In a compiler, you essentially need the ability to trace all the uses of an address, at least in the easy cases. Converting a pointer to an integer (or vice versa) isn't really a deal-breaker; it's essentially the same thing as passing (or receiving) a pointer to an unknown external function: the pointer escapes, whelp, nothing more we can do in that case for the most part.

But converting an integer to a pointer creates a problem if you allow that pointer to point to anything--it breaks all of the optimizations that assumed they could trace all of the uses of an address. So you need something like provenance to say that certain back-conversions are illegal. The most permissive model is a no-address-taken model (you can't forge a pointer to a variable whose address was never taken). But most compilers opt instead for a data-dependency-based model: essentially, even integer-based arithmetic of addresses aren't allowed to violate out-of-bounds at the point of dereference. Or at least, they claim to--the documentation for both gcc and llvm have this claim, but both have miscompilation bugs because they don't actually allow this.

The proposal for pointer provenance in C essentially looks at how compilers generally implement things and suggests a model that's closer to their actual implementation: pointer-to-integer exposes the address such that any integer-to-pointer can point to it. Note this is more permissive than the claimed models of compilers today--you're explicitly able to violate out-of-bounds rules here, so long as both objects have had their addresses exposed. There's some resistance to this because adhering to this model also breaks other optimizations (for example, (void*)(uintptr_t)x is not the same as x).

As a practical matter, pointer provenance isn't that big of a deal. It's not hard to come up with examples that illustrate behaviors that cause miscompilation or are undefined specifically because of pointer provenance. But I'm not aware of any application code that was actually miscompiled because the compiler implemented its provenance model incorrectly.
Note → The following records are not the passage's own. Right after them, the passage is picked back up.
(* If $G$ is a bipartite, connected, nontraceable detour graph, then $\Delta(G)\le \left\lceil \frac{\tau(G)-2}{2}\right\rceil$.
   Context: All graphs are finite and simple; the order of a path is its number of vertices. For a vertex $v$, $\tau(v)$ is the order of a longest path in $G$ having $v$ as an endvertex, and $\tau(G)$ is the order of a longest path in $G$. A detour graph is one in which all vertices have the same $\tau(v)$. Nontraceable means having no hamiltonian path. $\Delta(G)$ is the maximum degree. *)

theory Defs
  imports Complex_Main
begin

definition simple_graph :: "'a set \<Rightarrow> ('a \<Rightarrow> 'a \<Rightarrow> bool) \<Rightarrow> bool" where
  "simple_graph V E \<longleftrightarrow> finite V \<and> (\<forall>u v. E u v \<longrightarrow> u \<in> V \<and> v \<in> V)
     \<and> (\<forall>u v. E u v \<longrightarrow> E v u) \<and> (\<forall>v. \<not> E v v)"

definition is_path :: "'a set \<Rightarrow> ('a \<Rightarrow> 'a \<Rightarrow> bool) \<Rightarrow> 'a list \<Rightarrow> bool" where
  "is_path V E p \<longleftrightarrow> p \<noteq> [] \<and> distinct p \<and> set p \<subseteq> V
     \<and> (\<forall>i. Suc i < length p \<longrightarrow> E (p ! i) (p ! Suc i))"

text \<open>tau v: order of a longest path with v as an endvertex (paths can be reversed,
so w.l.o.g. v is the first vertex).\<close>
definition tau_v :: "'a set \<Rightarrow> ('a \<Rightarrow> 'a \<Rightarrow> bool) \<Rightarrow> 'a \<Rightarrow> nat" where
  "tau_v V E v = Max {length p | p. is_path V E p \<and> hd p = v}"

definition tau :: "'a set \<Rightarrow> ('a \<Rightarrow> 'a \<Rightarrow> bool) \<Rightarrow> nat" where
  "tau V E = Max {length p | p. is_path V E p}"

definition detour_graph :: "'a set \<Rightarrow> ('a \<Rightarrow> 'a \<Rightarrow> bool) \<Rightarrow> bool" where
  "detour_graph V E \<longleftrightarrow> (\<forall>u\<in>V. \<forall>v\<in>V. tau_v V E u = tau_v V E v)"

definition traceable :: "'a set \<Rightarrow> ('a \<Rightarrow> 'a \<Rightarrow> bool) \<Rightarrow> bool" where
  "traceable V E \<longleftrightarrow> (\<exists>p. is_path V E p \<and> set p = V)"

definition connected_graph :: "'a set \<Rightarrow> ('a \<Rightarrow> 'a \<Rightarrow> bool) \<Rightarrow> bool" where
  "connected_graph V E \<longleftrightarrow> V \<noteq> {} \<and>
     (\<forall>u\<in>V. \<forall>v\<in>V. \<exists>p. is_path V E p \<and> hd p = u \<and> last p = v)"

definition bipartite :: "'a set \<Rightarrow> ('a \<Rightarrow> 'a \<Rightarrow> bool) \<Rightarrow> bool" where
  "bipartite V E \<longleftrightarrow> (\<exists>A B. A \<union> B = V \<and> A \<inter> B = {} \<and>
     (\<forall>u v. E u v \<longrightarrow> (u \<in> A \<and> v \<in> B) \<or> (u \<in> B \<and> v \<in> A)))"

definition degree :: "'a set \<Rightarrow> ('a \<Rightarrow> 'a \<Rightarrow> bool) \<Rightarrow> 'a \<Rightarrow> nat" where
  "degree V E v = card {u\<in>V. E v u}"

definition max_degree :: "'a set \<Rightarrow> ('a \<Rightarrow> 'a \<Rightarrow> bool) \<Rightarrow> nat" where
  "max_degree V E = Max (degree V E ` V)"

end

theory Submission
  imports Defs
begin

(* In a detour graph every vertex v is an end of a longest path P, of order t = \<tau>(G).
   Maximality of P puts all neighbours of v on P, and bipartiteness puts them at odd
   distance from v along P. The far end of P cannot be a neighbour of v: otherwise P
   closes to a cycle, and by connectivity a vertex off this cycle (there is one, G being
   nontraceable) would extend the cycle, opened at its neighbour, to a path longer than P.
   Hence v has at most (t - 1) div 2 = \<lceil>(t - 2) / 2\<rceil> neighbours. *)

lemma is_path_iff_successively:
  "is_path V E p \<longleftrightarrow> p \<noteq> [] \<and> distinct p \<and> set p \<subseteq> V \<and> successively E p"
  by (simp add: is_path_def successively_conv_nth)

lemma is_path_singleton: "v \<in> V \<Longrightarrow> is_path V E [v]"
  by (simp add: is_path_def)

lemma is_path_hd_in: "is_path V E p \<Longrightarrow> hd p \<in> V"
  unfolding is_path_def using hd_in_set by blast

lemma is_path_Cons:
  assumes "is_path V E p" "w \<in> V" "w \<notin> set p" "E w (hd p)"
  shows "is_path V E (w # p)"
  using assms by (auto simp: is_path_iff_successively successively_Cons)

lemma is_path_rotate_closed:
  assumes "is_path V E (xs @ ys)" "E (last (xs @ ys)) (hd (xs @ ys))"
  shows "is_path V E (ys @ xs)"
proof (cases "xs = [] \<or> ys = []")
  case False
  then have "E (last ys) (hd xs)" using assms(2) by simp
  with assms(1) show ?thesis
    by (auto simp: is_path_iff_successively successively_append_iff)
qed (use assms(1) in auto)

lemma closed_path_start_at:
  assumes "is_path V E p" "E (last p) (hd p)" "x \<in> set p"
  obtains q where "is_path V E q" "hd q = x" "set q = set p" "length q = length p"
proof -
  obtain xs ys where p: "p = xs @ x # ys" using split_list[OF assms(3)] by blast
  then have "is_path V E ((x # ys) @ xs)" using assms(1,2) is_path_rotate_closed by metis
  then show ?thesis using that[of "x # ys @ xs"] p by auto
qed

lemma successively_crosses:
  assumes "successively R xs" "xs \<noteq> []" "hd xs \<in> S" "last xs \<notin> S"
  shows "\<exists>x\<in>set xs. \<exists>y\<in>set xs. R x y \<and> x \<in> S \<and> y \<notin> S"
  using assms
proof (induction xs)
  case (Cons a xs)
  then have "xs \<noteq> []" by auto
  then have step: "R a (hd xs)" "successively R xs" "last (a # xs) = last xs"
    using Cons.prems(1) by (simp_all add: successively_Cons)
  show ?case
  proof (cases "hd xs \<in> S")
    case True
    moreover have "last xs \<notin> S" using Cons.prems(4) step(3) by simp
    ultimately have "\<exists>x\<in>set xs. \<exists>y\<in>set xs. R x y \<and> x \<in> S \<and> y \<notin> S"
      using Cons.IH step(2) \<open>xs \<noteq> []\<close> by blast
    then show ?thesis by auto
  next
    case False
    then show ?thesis using step(1) Cons.prems(3) \<open>xs \<noteq> []\<close> by auto
  qed
qed simp

lemma connected_graph_edge_leaving:
  assumes "connected_graph V E" "s \<in> S" "S \<subseteq> V" "w \<in> V - S"
  shows "\<exists>x\<in>S. \<exists>y\<in>V - S. E x y"
proof -
  obtain q where q: "is_path V E q" "hd q = s" "last q = w"
    using assms unfolding connected_graph_def by blast
  then show ?thesis
    using successively_crosses[of E q S] assms(2,4)
    by (fastforce simp: is_path_iff_successively)
qed

lemma is_path_length_le_card:
  assumes "simple_graph V E" "is_path V E p"
  shows "length p \<le> card V"
  using assms unfolding simple_graph_def is_path_def
  by (metis card_mono distinct_card)

lemma finite_path_lengths:
  assumes "simple_graph V E"
  shows "finite {length p | p. is_path V E p \<and> P p}"
  using is_path_length_le_card[OF assms]
  by (auto intro: finite_subset[of _ "{..card V}"])

lemma length_le_tau:
  assumes "simple_graph V E" "is_path V E p"
  shows "length p \<le> tau V E"
  unfolding tau_def using finite_path_lengths[OF assms(1), of "\<lambda>_. True"] assms(2)
  by (auto intro: Max_ge)

lemma length_le_tau_v:
  assumes "simple_graph V E" "is_path V E p"
  shows "length p \<le> tau_v V E (hd p)"
  unfolding tau_v_def using finite_path_lengths[OF assms(1), of "\<lambda>q. hd q = hd p"] assms(2)
  by (auto intro: Max_ge)

lemma tau_attained:
  assumes "simple_graph V E" "v \<in> V"
  obtains p where "is_path V E p" "length p = tau V E"
proof -
  have ne: "{length p | p. is_path V E p} \<noteq> {}"
    using is_path_singleton[OF assms(2)] by blast
  have fin: "finite {length p | p. is_path V E p}"
    using finite_path_lengths[OF assms(1), of "\<lambda>_. True"] by simp
  have "Max {length p | p. is_path V E p} \<in> {length p | p. is_path V E p}"
    by (rule Max_in[OF fin ne])
  then obtain p where "is_path V E p" "length p = Max {length p | p. is_path V E p}" by auto
  then show ?thesis using that by (simp add: tau_def)
qed

lemma tau_v_attained:
  assumes "simple_graph V E" "v \<in> V"
  obtains p where "is_path V E p" "hd p = v" "length p = tau_v V E v"
proof -
  have "{length p | p. is_path V E p \<and> hd p = v} \<noteq> {}"
    using is_path_singleton[OF assms(2)] by fastforce
  with finite_path_lengths[OF assms(1), of "\<lambda>p. hd p = v"]
  have "Max {length p | p. is_path V E p \<and> hd p = v} \<in> {length p | p. is_path V E p \<and> hd p = v}"
    by (rule Max_in)
  then obtain p where "is_path V E p" "hd p = v"
    "length p = Max {length p | p. is_path V E p \<and> hd p = v}" by auto
  then show ?thesis using that by (simp add: tau_v_def)
qed

definition longest_path :: "'a set \<Rightarrow> ('a \<Rightarrow> 'a \<Rightarrow> bool) \<Rightarrow> 'a list \<Rightarrow> bool" where
  "longest_path V E p \<longleftrightarrow> is_path V E p \<and> (\<forall>q. is_path V E q \<longrightarrow> length q \<le> length p)"

lemma longest_path_length:
  assumes "simple_graph V E" "longest_path V E p"
  shows "length p = tau V E"
proof -
  have p: "is_path V E p" using assms(2) by (simp add: longest_path_def)
  obtain q where "is_path V E q" "length q = tau V E"
    using tau_attained[OF assms(1) is_path_hd_in[OF p]] by blast
  then have "tau V E \<le> length p" using assms(2) unfolding longest_path_def by metis
  with length_le_tau[OF assms(1) p] show ?thesis by simp
qed

lemma detour_graph_longest_path_from:
  assumes "simple_graph V E" "detour_graph V E" "v \<in> V"
  obtains p where "longest_path V E p" "hd p = v"
proof -
  obtain q where q: "is_path V E q" "length q = tau V E" using tau_attained[OF assms(1,3)] by blast
  have "tau_v V E (hd q) = tau_v V E v"
    using assms(2,3) is_path_hd_in[OF q(1)] unfolding detour_graph_def by blast
  then have "tau V E \<le> tau_v V E v" using length_le_tau_v[OF assms(1) q(1)] q(2) by simp
  obtain p where p: "is_path V E p" "hd p = v" "length p = tau_v V E v"
    using tau_v_attained[OF assms(1,3)] by blast
  have "longest_path V E p"
    unfolding longest_path_def
    using p \<open>tau V E \<le> tau_v V E v\<close> length_le_tau[OF assms(1)] le_trans by metis
  with p(2) that show ?thesis by blast
qed

lemma longest_path_neighbour_mem:
  assumes "simple_graph V E" "longest_path V E p" "E (hd p) u"
  shows "u \<in> set p"
proof (rule ccontr)
  assume "u \<notin> set p"
  moreover have "u \<in> V" "E u (hd p)" using assms(1,3) by (auto simp: simple_graph_def)
  ultimately have "is_path V E (u # p)" using assms(2) is_path_Cons by (metis longest_path_def)
  then show False using assms(2) by (fastforce simp: longest_path_def)
qed

lemma longest_closed_path_spans:
  assumes "simple_graph V E" "connected_graph V E" "longest_path V E p" "E (last p) (hd p)"
  shows "set p = V"
proof (rule ccontr)
  assume "set p \<noteq> V"
  have p: "is_path V E p" using assms(3) by (simp add: longest_path_def)
  then have "set p \<subseteq> V" "hd p \<in> set p" by (auto simp: is_path_def)
  then obtain x y where xy: "x \<in> set p" "y \<in> V - set p" "E x y"
    using connected_graph_edge_leaving[OF assms(2)] \<open>set p \<noteq> V\<close> by blast
  obtain q where q: "is_path V E q" "hd q = x" "set q = set p" "length q = length p"
    using closed_path_start_at[OF p assms(4) xy(1)] by blast
  have "E y x" using xy(3) assms(1) by (simp add: simple_graph_def)
  then have "is_path V E (y # q)" using is_path_Cons q xy(2) by fastforce
  then show False using assms(3) q(4) by (fastforce simp: longest_path_def)
qed

lemma bipartite_path_adjacent_odd:
  assumes "bipartite V E" "is_path V E p" "i < length p" "E (p ! 0) (p ! i)"
  shows "odd i"
proof -
  obtain A B where AB: "A \<inter> B = {}" "\<forall>u v. E u v \<longrightarrow> u \<in> A \<and> v \<in> B \<or> u \<in> B \<and> v \<in> A"
    using assms(1) unfolding bipartite_def by blast
  then have side_flip: "E u w \<Longrightarrow> w \<in> A \<longleftrightarrow> u \<notin> A" for u w by blast
  have "j < length p \<Longrightarrow> p ! j \<in> A \<longleftrightarrow> (p ! 0 \<in> A \<longleftrightarrow> even j)" for j
  proof (induction j)
    case (Suc j)
    then have "E (p ! j) (p ! Suc j)" using assms(2) by (simp add: is_path_def)
    then show ?case using Suc side_flip by auto
  qed simp
  then show ?thesis using assms(3,4) side_flip by blast
qed

lemma card_odd_less: "card {i::nat. i < n \<and> odd i} = n div 2"
proof (induction n)
  case (Suc n)
  have "{i. i < Suc n \<and> odd i} = (if odd n then insert n else id) {i. i < n \<and> odd i}"
    by (auto simp: less_Suc_eq)
  with Suc show ?case by auto
qed simp

lemma degree_le_longest_path:
  assumes "simple_graph V E" "bipartite V E" "connected_graph V E" "\<not> traceable V E"
    and "longest_path V E p"
  shows "degree V E (hd p) \<le> (length p - 1) div 2"
proof -
  have p: "is_path V E p" using assms(5) by (simp add: longest_path_def)
  then have "p \<noteq> []" by (simp add: is_path_def)
  then have hd_nth: "hd p = p ! 0" by (simp add: hd_conv_nth)
  let ?Odd = "{i. i < length p - 1 \<and> odd i}"
  have "{u \<in> V. E (hd p) u} \<subseteq> (!) p ` ?Odd"
  proof
    fix u assume u: "u \<in> {u \<in> V. E (hd p) u}"
    then obtain i where i: "i < length p" "p ! i = u"
      using longest_path_neighbour_mem[OF assms(1,5)] by (metis mem_Collect_eq in_set_conv_nth)
    have "odd i" using bipartite_path_adjacent_odd[OF assms(2) p] i u hd_nth by auto
    have "i \<noteq> length p - 1"
    proof
      assume "i = length p - 1"
      then have "E (hd p) (last p)" using u i \<open>p \<noteq> []\<close> by (simp add: last_conv_nth)
      then have "E (last p) (hd p)" using assms(1) by (simp add: simple_graph_def)
      then have "set p = V" using longest_closed_path_spans[OF assms(1,3,5)] by blast
      then show False using assms(4) p by (auto simp: traceable_def)
    qed
    then show "u \<in> (!) p ` ?Odd" using i \<open>odd i\<close> by auto
  qed
  then have "degree V E (hd p) \<le> card ((!) p ` ?Odd)"
    unfolding degree_def by (simp add: card_mono)
  also have "\<dots> \<le> card ?Odd" by (rule card_image_le) simp
  finally show ?thesis using card_odd_less by simp
qed

lemma ceiling_half_pred:
  assumes "1 \<le> t"
  shows "\<lceil>(real t - 2) / 2\<rceil> = int ((t - 1) div 2)"
proof (cases "even t")
  case True
  with assms obtain m where "t = 2 * Suc m"
    by (metis evenE not0_implies_Suc mult_0_right not_one_le_zero)
  then show ?thesis by (simp add: ceiling_eq_iff)
next
  case False
  then obtain m where "t = 2 * m + 1" using oddE by blast
  then show ?thesis by (simp add: ceiling_eq_iff)
qed

theorem theorem2p27:
  fixes V :: "'a set" and E :: "'a \<Rightarrow> 'a \<Rightarrow> bool"
  assumes "simple_graph V E"
    and "bipartite V E"
    and "connected_graph V E"
    and "\<not> traceable V E"
    and "detour_graph V E"
  shows "int (max_degree V E) \<le> ceiling ((real (tau V E) - 2) / 2)"
proof -
  have degree_bound: "degree V E v \<le> (tau V E - 1) div 2" if v: "v \<in> V" for v
  proof -
    obtain p where "longest_path V E p" "hd p = v"
      using detour_graph_longest_path_from[OF assms(1,5) v] by blast
    then show ?thesis
      using degree_le_longest_path[OF assms(1-4)] longest_path_length[OF assms(1)] by metis
  qed
  obtain v where "v \<in> V" using assms(3) by (auto simp: connected_graph_def)
  then have "1 \<le> tau V E"
    using length_le_tau[OF assms(1) is_path_singleton] by fastforce
  have "max_degree V E \<in> degree V E ` V"
    unfolding max_degree_def using assms(1) \<open>v \<in> V\<close>
    by (intro Max_in) (auto simp: simple_graph_def)
  then have "max_degree V E \<le> (tau V E - 1) div 2" using degree_bound by auto
  then show ?thesis using ceiling_half_pred[OF \<open>1 \<le> tau V E\<close>] by simp
qed

end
The issue gets trickier as you move into systems code that exists somewhat outside the C object model, but even then, most of the relevant code can ignore their living outside the object model since resulting miscompiles are prevented by inherent optimization barriers anyways (note that to get a miscompile, you generally have to simultaneously forge the object's address, have the object's address be known to the compiler already, and have the compiler think the object's address wasn't exposed by other means).